The rest of the article is organized as follows. Section 2 introduces some related work on the CS-SVM algorithm. In Section 3, the proposed framework is specified. Section 4 shows the experimental results of the experiments in this paper. Finally, a conclusion of the work is shown in Section 5.

1 CS-MKL-SVM Algorithm for Unbalanced Data Sets

1.1 Cost-Sensitive MKL-SVM Algorithm

The same penalty parameters, which are the regularization coefficients named C, are used in the standard SVM for positive and negative samples. The values of the penalty parameters determine how the maximum class interval and the minimum training error compromise in SVM. However, the classification will be skewed toward the side containing fewer samples when the positive and negative sample data sets are seriously unbalanced in SVM, thus affecting the classification accuracy. For example, if the same penalty coefficient C is used when the positive sample is small, the sum of errors corresponding to the positive samples (cost function or loss function) will be less than the sum of errors corresponding to the negative samples (cost function or loss function). In other words, a large penalty coefficient is applied to the negative samples so that the segmentation sample plane moves to the side of the positive samples. Based on the MKL-SVM algorithm, a cost-sensitive MKL-SVM (CS-MKL-SVM) algorithm is proposed to solve the positive and negative sample imbalance. Different penalty coefficients \(C_{+}\) and \(C_{-}\) are introduced to the positive and negative samples to flexibly adjust the misclassification costs of the false positives and false negatives.
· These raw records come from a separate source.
(* Let $G$ be a structured quadratic-bilinear system given by $(\mathcal C,\mathcal K,\mathcal B,\mathcal N,\mathcal H)$ with structured generalized transfer functions, and $\widehat G$ the reduced-order system obtained by projection with $V,W\in\mathbb C^{n\times r}$ of full column rank. Let $\sigma_1,\sigma_2\in\mathbb C$ be such that $\mathcal C,\mathcal K,\mathcal B,\mathcal N$ can be evaluated at $\sigma_1,\sigma_2$, $\mathcal H$ at $(\sigma_1,\sigma_1)$, and $\mathcal K(\sigma_1),\mathcal K(\sigma_2)$ are invertible; assume $W^{\mathsf H}\mathcal K(\sigma_i)V$ is invertible for $i=1,2$. If $$\operatorname{span}(V)\supseteq\operatorname{span}\big(\mathcal K(\sigma_1)^{-1}\mathcal B(\sigma_1)\big),\qquad\operatorname{span}(W)\supseteq\operatorname{span}\big(\mathcal K(\sigma_2)^{-\mathsf H}\mathcal C(\sigma_2)^{\mathsf H}\big),$$ then $$G_1^{(B)}(\sigma_1)=\widehat G_1^{(B)}(\sigma_1),\quad G_1^{(B)}(\sigma_2)=\widehat G_1^{(B)}(\sigma_2),\quad G_2^{(N,(B))}(\sigma_1,\sigma_2)=\widehat G_2^{(N,(B))}(\sigma_1,\sigma_2),$$ $$G_3^{(H,(B),(B))}(\sigma_1,\sigma_1,\sigma_2)=\widehat G_3^{(H,(B),(B))}(\sigma_1,\sigma_1,\sigma_2).$$
   Context: A structured quadratic-bilinear system (in frequency domain) with $n$ states, $m$ inputs and $p$ outputs is given by matrix-valued functions $\mathcal C:\mathbb C\to\mathbb C^{p\times n}$, $\mathcal K:\mathbb C\to\mathbb C^{n\times n}$, $\mathcal B:\mathbb C\to\mathbb C^{n\times m}$, $\mathcal N:\mathbb C\to\mathbb C^{n\times nm}$ with $\mathcal N(s)=[\mathcal N_1(s)\ \cdots\ \mathcal N_m(s)]$, $\mathcal N_j(s)\in\mathbb C^{n\times n}$, and $\mathcal H:\mathbb C\times\mathbb C\to\mathbb C^{n\times n^2}$. Its structured generalized transfer functions are $G_1^{(B)}(s_1)=\mathcal C(s_1)\mathcal K(s_1)^{-1}\mathcal B(s_1)$, $G_2^{(N,(B))}(s_1,s_2)=\mathcal C(s_2)\mathcal K(s_2)^{-1}\mathcal N(s_1)\big(I_m\otimes\mathcal K(s_1)^{-1}\mathcal B(s_1)\big)$, $G_3^{(H,(B),(B))}(s_1,s_2,s_3)=\mathcal C(s_3)\mathcal K(s_3)^{-1}\mathcal H(s_2,s_1)\big(\mathcal K(s_2)^{-1}\mathcal B(s_2)\otimes\mathcal K(s_1)^{-1}\mathcal B(s_1)\big)$, wherever the inverses exist; $\otimes$ is the Kronecker product. The reduced-order system obtained by projection with $V,W\in\mathbb C^{n\times r}$ is given by $\widehat{\mathcal C}(s)=\mathcal C(s)V$, $\widehat{\mathcal K}(s)=W^{\mathsf H}\mathcal K(s)V$, $\widehat{\mathcal B}(s)=W^{\mathsf H}\mathcal B(s)$, $\widehat{\mathcal N}(s)=W^{\mathsf H}\mathcal N(s)(I_m\otimes V)$, $\widehat{\mathcal H}(s_1,s_2)=W^{\mathsf H}\mathcal H(s_1,s_2)(V\otimes V)$, where $W^{\mathsf H}$ is the conjugate transpose and $\mathcal K(s)^{-\mathsf H}=(\mathcal K(s)^{-1})^{\mathsf H}$; its generalized transfer functions $\widehat G$ are defined by the same formulas with hatted functions. *)

theory Defs
  imports "HOL-Analysis.Analysis"
begin

text \<open>Dimensions are the cardinalities of finite index types; the Kronecker
  product uses product index types, ordered so that the first component is
  the (outer) block index.\<close>

definition kron :: "'a::times^'n^'m \<Rightarrow> 'a^'q^'p \<Rightarrow> 'a^('n \<times> 'q)^('m \<times> 'p)" where
  "kron A B = (\<chi> ik jl. A $ fst ik $ fst jl * B $ snd ik $ snd jl)"

definition ctrans :: "complex^'n^'m \<Rightarrow> complex^'m^'n" where
  "ctrans A = (\<chi> i j. cnj (A $ j $ i))"

definition colspan :: "complex^'n^'m \<Rightarrow> (complex^'m) set" where
  "colspan A = vec.span (columns A)"

text \<open>Structured generalized transfer functions.  N(s) = [N_1(s) ... N_m(s)]
  is an n x nm matrix whose column index (j,k) is column k of block N_j(s).
  H(s1,s2) is n x n^2.\<close>

definition G1 :: "(complex \<Rightarrow> complex^'n^'p) \<Rightarrow> (complex \<Rightarrow> complex^'n^'n)
    \<Rightarrow> (complex \<Rightarrow> complex^'m^'n) \<Rightarrow> complex \<Rightarrow> complex^'m^'p" where
  "G1 C K B s1 = C s1 ** matrix_inv (K s1) ** B s1"

definition G2 :: "(complex \<Rightarrow> complex^'n^'p) \<Rightarrow> (complex \<Rightarrow> complex^'n^'n)
    \<Rightarrow> (complex \<Rightarrow> complex^'m^'n) \<Rightarrow> (complex \<Rightarrow> complex^('m \<times> 'n)^'n)
    \<Rightarrow> complex \<Rightarrow> complex \<Rightarrow> complex^('m \<times> 'm)^'p" where
  "G2 C K B N s1 s2 =
     C s2 ** matrix_inv (K s2) ** N s1 ** kron (mat 1 :: complex^'m^'m) (matrix_inv (K s1) ** B s1)"

definition G3 :: "(complex \<Rightarrow> complex^'n^'p) \<Rightarrow> (complex \<Rightarrow> complex^'n^'n)
    \<Rightarrow> (complex \<Rightarrow> complex^'m^'n) \<Rightarrow> (complex \<Rightarrow> complex \<Rightarrow> complex^('n \<times> 'n)^'n)
    \<Rightarrow> complex \<Rightarrow> complex \<Rightarrow> complex \<Rightarrow> complex^('m \<times> 'm)^'p" where
  "G3 C K B H s1 s2 s3 =
     C s3 ** matrix_inv (K s3) ** H s2 s1 **
       kron (matrix_inv (K s2) ** B s2) (matrix_inv (K s1) ** B s1)"

definition redC :: "(complex \<Rightarrow> complex^'n^'p) \<Rightarrow> complex^'r^'n \<Rightarrow> complex \<Rightarrow> complex^'r^'p" where
  "redC C V s = C s ** V"

definition redK :: "(complex \<Rightarrow> complex^'n^'n) \<Rightarrow> complex^'r^'n \<Rightarrow> complex^'r^'n
    \<Rightarrow> complex \<Rightarrow> complex^'r^'r" where
  "redK K V W s = ctrans W ** K s ** V"

definition redB :: "(complex \<Rightarrow> complex^'m^'n) \<Rightarrow> complex^'r^'n \<Rightarrow> complex \<Rightarrow> complex^'m^'r" where
  "redB B W s = ctrans W ** B s"

definition redN :: "(complex \<Rightarrow> complex^('m::finite \<times> 'n)^'n) \<Rightarrow> complex^'r^'n \<Rightarrow> complex^'r^'n
    \<Rightarrow> complex \<Rightarrow> complex^('m \<times> 'r)^'r" where
  "redN N V W s = ctrans W ** N s ** kron (mat 1 :: complex^'m^'m) V"

definition redH :: "(complex \<Rightarrow> complex \<Rightarrow> complex^('n \<times> 'n)^'n) \<Rightarrow> complex^'r^'n \<Rightarrow> complex^'r^'n
    \<Rightarrow> complex \<Rightarrow> complex \<Rightarrow> complex^('r \<times> 'r)^'r" where
  "redH H V W s1 s2 = ctrans W ** H s1 s2 ** kron V V"

end

theory Submission
  imports Defs
begin

text \<open>The span condition on \<open>V\<close> factors \<open>K(\<sigma>\<^sub>1)\<^sup>-\<^sup>1B(\<sigma>\<^sub>1) = VY\<close>; for any
  left projector \<open>L\<close> with \<open>LK(\<sigma>\<^sub>1)V\<close> invertible the reduced solve then returns \<open>Y\<close>
  exactly, since \<open>LB(\<sigma>\<^sub>1) = (LK(\<sigma>\<^sub>1)V)Y\<close>.  Dually, the span condition on \<open>W\<close> gives
  \<open>C(\<sigma>\<^sub>2)K(\<sigma>\<^sub>2)\<^sup>-\<^sup>1 = QW\<^sup>H\<close> and \<open>C(\<sigma>\<^sub>2)V(W\<^sup>HK(\<sigma>\<^sub>2)V)\<^sup>-\<^sup>1 = Q\<close>.  Substituting both
  identities into the transfer functions, and moving \<open>V\<close> through \<open>I \<otimes> \<cdot>\<close> and \<open>\<cdot> \<otimes> \<cdot>\<close> by
  the mixed-product rule of the Kronecker product, makes the full and reduced
  expressions coincide.\<close>

lemma matrix_inv_right:
  fixes A :: "'a::semiring_1^'n^'m"
  assumes "invertible A"
  shows "A ** matrix_inv A = mat 1"
  using someI_ex[OF assms[unfolded invertible_def]] by (simp add: matrix_inv_def)

lemma matrix_inv_left:
  fixes A :: "'a::semiring_1^'n^'m"
  assumes "invertible A"
  shows "matrix_inv A ** A = mat 1"
  using someI_ex[OF assms[unfolded invertible_def]] by (simp add: matrix_inv_def)

lemma ctrans_matrix_mul: "ctrans (A ** B) = ctrans B ** ctrans (A::complex^'n^'m)"
  by (simp add: ctrans_def matrix_matrix_mult_def vec_eq_iff mult.commute)

lemma ctrans_ctrans [simp]: "ctrans (ctrans A) = A"
  by (simp add: ctrans_def vec_eq_iff)

lemma kron_mixed_product:
  fixes A :: "'a::comm_semiring_1^'n^'m" and B :: "'a^'q^'p"
    and C :: "'a^'s^'n" and D :: "'a^'t^'q"
  shows "kron A B ** kron C D = kron (A ** C) (B ** D)"
  by (simp add: kron_def matrix_matrix_mult_def vec_eq_iff sum_product sum.cartesian_product
      case_prod_beta mult_ac)

lemma colspan_eq_range: "colspan A = range ((*v) A)"
proof
  show "colspan A \<subseteq> range ((*v) A)"
    unfolding colspan_def
  proof (rule vec.span_minimal)
    have "A *v axis j 1 = column j A" for j
      by (simp add: column_def matrix_vector_mult_def axis_def vec_eq_iff if_distrib cong: if_cong)
    then show "columns A \<subseteq> range ((*v) A)"
      by (auto simp: columns_def) (metis rangeI)
    show "vec.subspace (range ((*v) A))"
      using vec.linear_subspace_image[OF matrix_vector_mul_linear_gen vec.subspace_UNIV] .
  qed
  show "range ((*v) A) \<subseteq> colspan A"
    unfolding colspan_def using matrix_vector_mult_in_columnspace_gen by blast
qed

lemma colspan_subset_imp_factor:
  fixes A :: "complex^'k^'n" and V :: "complex^'r^'n"
  assumes "colspan A \<subseteq> colspan V"
  obtains Y where "A = V ** Y"
proof -
  have "column j A \<in> colspan A" for j
    unfolding colspan_def by (rule vec.span_base) (auto simp: columns_def)
  then have "\<forall>j. \<exists>y. column j A = V *v y"
    using assms by (auto simp: colspan_eq_range)
  then obtain y where y: "\<And>j. column j A = V *v y j" by metis
  have "A = V ** (\<chi> i j. y j $ i)"
    using y by (simp add: vec_eq_iff column_def matrix_vector_mult_def matrix_matrix_mult_def)
  then show ?thesis by (rule that)
qed

lemma petrov_galerkin_right:
  fixes K :: "'a::field^'n^'n" and V :: "'a^'r^'n" and L :: "'a^'n^'r"
  assumes "invertible K" "invertible (L ** K ** V)" "matrix_inv K ** B = V ** Y"
  shows "matrix_inv (L ** K ** V) ** (L ** B) = Y"
proof -
  have "B = K ** (V ** Y)"
    by (metis assms(1,3) matrix_inv_right matrix_mul_assoc matrix_mul_lid)
  then have "L ** B = (L ** K ** V) ** Y"
    by (simp add: matrix_mul_assoc)
  then show ?thesis
    by (metis assms(2) matrix_inv_left matrix_mul_assoc matrix_mul_lid)
qed

lemma petrov_galerkin_left:
  fixes K :: "'a::field^'n^'n" and V :: "'a^'r^'n" and L :: "'a^'n^'r"
  assumes "invertible K" "invertible (L ** K ** V)" "C ** matrix_inv K = Q ** L"
  shows "C ** V ** matrix_inv (L ** K ** V) = Q"
proof -
  have "C = Q ** L ** K"
    by (metis assms(1,3) matrix_inv_left matrix_mul_assoc matrix_mul_rid)
  then have "C ** V = Q ** (L ** K ** V)"
    by (simp add: matrix_mul_assoc)
  then show ?thesis
    by (metis assms(2) matrix_inv_right matrix_mul_assoc matrix_mul_rid)
qed

lemma reduced_right_primitive:
  assumes "invertible (K s)" "invertible (redK K V W s)" "matrix_inv (K s) ** B s = V ** Y"
  shows "matrix_inv (redK K V W s) ** redB B W s = Y"
  using petrov_galerkin_right[OF assms[unfolded redK_def]] by (simp add: redK_def redB_def)

lemma reduced_left_primitive:
  assumes "invertible (K s)" "invertible (redK K V W s)" "C s ** matrix_inv (K s) = Q ** ctrans W"
  shows "redC C V s ** matrix_inv (redK K V W s) = Q"
  using petrov_galerkin_left[OF assms[unfolded redK_def]] by (simp add: redK_def redC_def)

lemma G1_interpolation_right:
  assumes "invertible (K s)" "invertible (redK K V W s)" "matrix_inv (K s) ** B s = V ** Y"
  shows "G1 C K B s = G1 (redC C V) (redK K V W) (redB B W) s"
  using reduced_right_primitive[where K = K and B = B, OF assms]
  by (simp add: G1_def redC_def assms(3) flip: matrix_mul_assoc)

lemma G1_interpolation_left:
  assumes "invertible (K s)" "invertible (redK K V W s)" "C s ** matrix_inv (K s) = Q ** ctrans W"
  shows "G1 C K B s = G1 (redC C V) (redK K V W) (redB B W) s"
  using reduced_left_primitive[where K = K and C = C, OF assms]
  by (simp add: G1_def redB_def assms(3) flip: matrix_mul_assoc)

lemma G2_interpolation:
  fixes N :: "complex \<Rightarrow> complex^('m::finite \<times> 'n)^'n"
  assumes "invertible (K s1)" "invertible (redK K V W s1)" "matrix_inv (K s1) ** B s1 = V ** Y"
    and "invertible (K s2)" "invertible (redK K V W s2)" "C s2 ** matrix_inv (K s2) = Q ** ctrans W"
  shows "G2 C K B N s1 s2 = G2 (redC C V) (redK K V W) (redB B W) (redN N V W) s1 s2"
proof -
  let ?I = "mat 1 :: complex^'m^'m"
  have "G2 (redC C V) (redK K V W) (redB B W) (redN N V W) s1 s2
      = Q ** ctrans W ** N s1 ** (kron ?I V ** kron ?I Y)"
    using reduced_right_primitive[where K = K and B = B, OF assms(1-3)] reduced_left_primitive[where K = K and C = C, OF assms(4-6)]
    by (simp add: G2_def redN_def matrix_mul_assoc)
  also have "\<dots> = C s2 ** matrix_inv (K s2) ** N s1 ** kron ?I (matrix_inv (K s1) ** B s1)"
    by (simp add: kron_mixed_product assms(3,6))
  finally show ?thesis
    by (simp add: G2_def)
qed

lemma G3_interpolation:
  assumes "invertible (K s1)" "invertible (redK K V W s1)" "matrix_inv (K s1) ** B s1 = V ** Y1"
    and "invertible (K s2)" "invertible (redK K V W s2)" "matrix_inv (K s2) ** B s2 = V ** Y2"
    and "invertible (K s3)" "invertible (redK K V W s3)" "C s3 ** matrix_inv (K s3) = Q ** ctrans W"
  shows "G3 C K B H s1 s2 s3 = G3 (redC C V) (redK K V W) (redB B W) (redH H V W) s1 s2 s3"
proof -
  have "G3 (redC C V) (redK K V W) (redB B W) (redH H V W) s1 s2 s3
      = Q ** ctrans W ** H s2 s1 ** (kron V V ** kron Y2 Y1)"
    using reduced_right_primitive[where K = K and B = B, OF assms(1-3)] reduced_right_primitive[where K = K and B = B, OF assms(4-6)]
      reduced_left_primitive[where K = K and C = C, OF assms(7-9)]
    by (simp add: G3_def redH_def matrix_mul_assoc)
  also have "\<dots> = C s3 ** matrix_inv (K s3) ** H s2 s1 **
      kron (matrix_inv (K s2) ** B s2) (matrix_inv (K s1) ** B s1)"
    by (simp add: kron_mixed_product assms(3,6,9))
  finally show ?thesis
    by (simp add: G3_def)
qed

theorem corollary4p5:
  fixes C :: "complex \<Rightarrow> complex^'n^'p"
    and K :: "complex \<Rightarrow> complex^'n^'n"
    and B :: "complex \<Rightarrow> complex^'m^'n"
    and N :: "complex \<Rightarrow> complex^('m \<times> 'n)^'n"
    and H :: "complex \<Rightarrow> complex \<Rightarrow> complex^('n \<times> 'n)^'n"
    and V W :: "complex^'r^'n"
    and \<sigma>1 \<sigma>2 :: complex
  assumes rankV: "rank V = CARD('r)"
    and rankW: "rank W = CARD('r)"
    and invK1: "invertible (K \<sigma>1)"
    and invK2: "invertible (K \<sigma>2)"
    and invKr1: "invertible (ctrans W ** K \<sigma>1 ** V)"
    and invKr2: "invertible (ctrans W ** K \<sigma>2 ** V)"
    and spanV: "colspan (matrix_inv (K \<sigma>1) ** B \<sigma>1) \<subseteq> colspan V"
    and spanW: "colspan (ctrans (matrix_inv (K \<sigma>2)) ** ctrans (C \<sigma>2)) \<subseteq> colspan W"
  shows "G1 C K B \<sigma>1 = G1 (redC C V) (redK K V W) (redB B W) \<sigma>1 \<and>
         G1 C K B \<sigma>2 = G1 (redC C V) (redK K V W) (redB B W) \<sigma>2 \<and>
         G2 C K B N \<sigma>1 \<sigma>2 = G2 (redC C V) (redK K V W) (redB B W) (redN N V W) \<sigma>1 \<sigma>2 \<and>
         G3 C K B H \<sigma>1 \<sigma>1 \<sigma>2 = G3 (redC C V) (redK K V W) (redB B W) (redH H V W) \<sigma>1 \<sigma>1 \<sigma>2"
proof -
  obtain Y where Y: "matrix_inv (K \<sigma>1) ** B \<sigma>1 = V ** Y"
    using colspan_subset_imp_factor[OF spanV] .
  obtain U where "ctrans (matrix_inv (K \<sigma>2)) ** ctrans (C \<sigma>2) = W ** U"
    using colspan_subset_imp_factor[OF spanW] .
  then have Q: "C \<sigma>2 ** matrix_inv (K \<sigma>2) = ctrans U ** ctrans W"
    by (metis ctrans_ctrans ctrans_matrix_mul)
  have invKr: "invertible (redK K V W \<sigma>1)" "invertible (redK K V W \<sigma>2)"
    using invKr1 invKr2 by (simp_all add: redK_def)
  show ?thesis
    using G1_interpolation_right[where C = C and K = K and B = B, OF invK1 invKr(1) Y]
      G1_interpolation_left[where C = C and K = K and B = B, OF invK2 invKr(2) Q]
      G2_interpolation[where C = C and K = K and B = B and N = N,
        OF invK1 invKr(1) Y invK2 invKr(2) Q]
      G3_interpolation[where C = C and K = K and B = B and H = H,
        OF invK1 invKr(1) Y invK1 invKr(1) Y invK2 invKr(2) Q]
    by blast
qed

end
The training pattern is expressed as:

$$\begin{aligned} T = \left\{ (x_{i},y_{i}) \right\} \in (X \times Y)^l \end{aligned}$$
(1)

where the parameter l is the number of training patterns. The parameter \(x_{i}\) is the input vector of SVM, and the parameter \(y_{i}\in \left\{ -1,+1\right\} \) is the category label. In this paper, \(x_{i}\in R^n \) corresponds to the eigenvector that is extracted from the \(i^{th}\) sample from the n-dimensional ROI. The value of parameter \(y_{i}=1\) corresponds to the positive samples, which are the true positive nodules and are malignant tumor lesions. The value of parameter \(y_{i}=-1\) denotes negative samples, which are false nodules or false tumors.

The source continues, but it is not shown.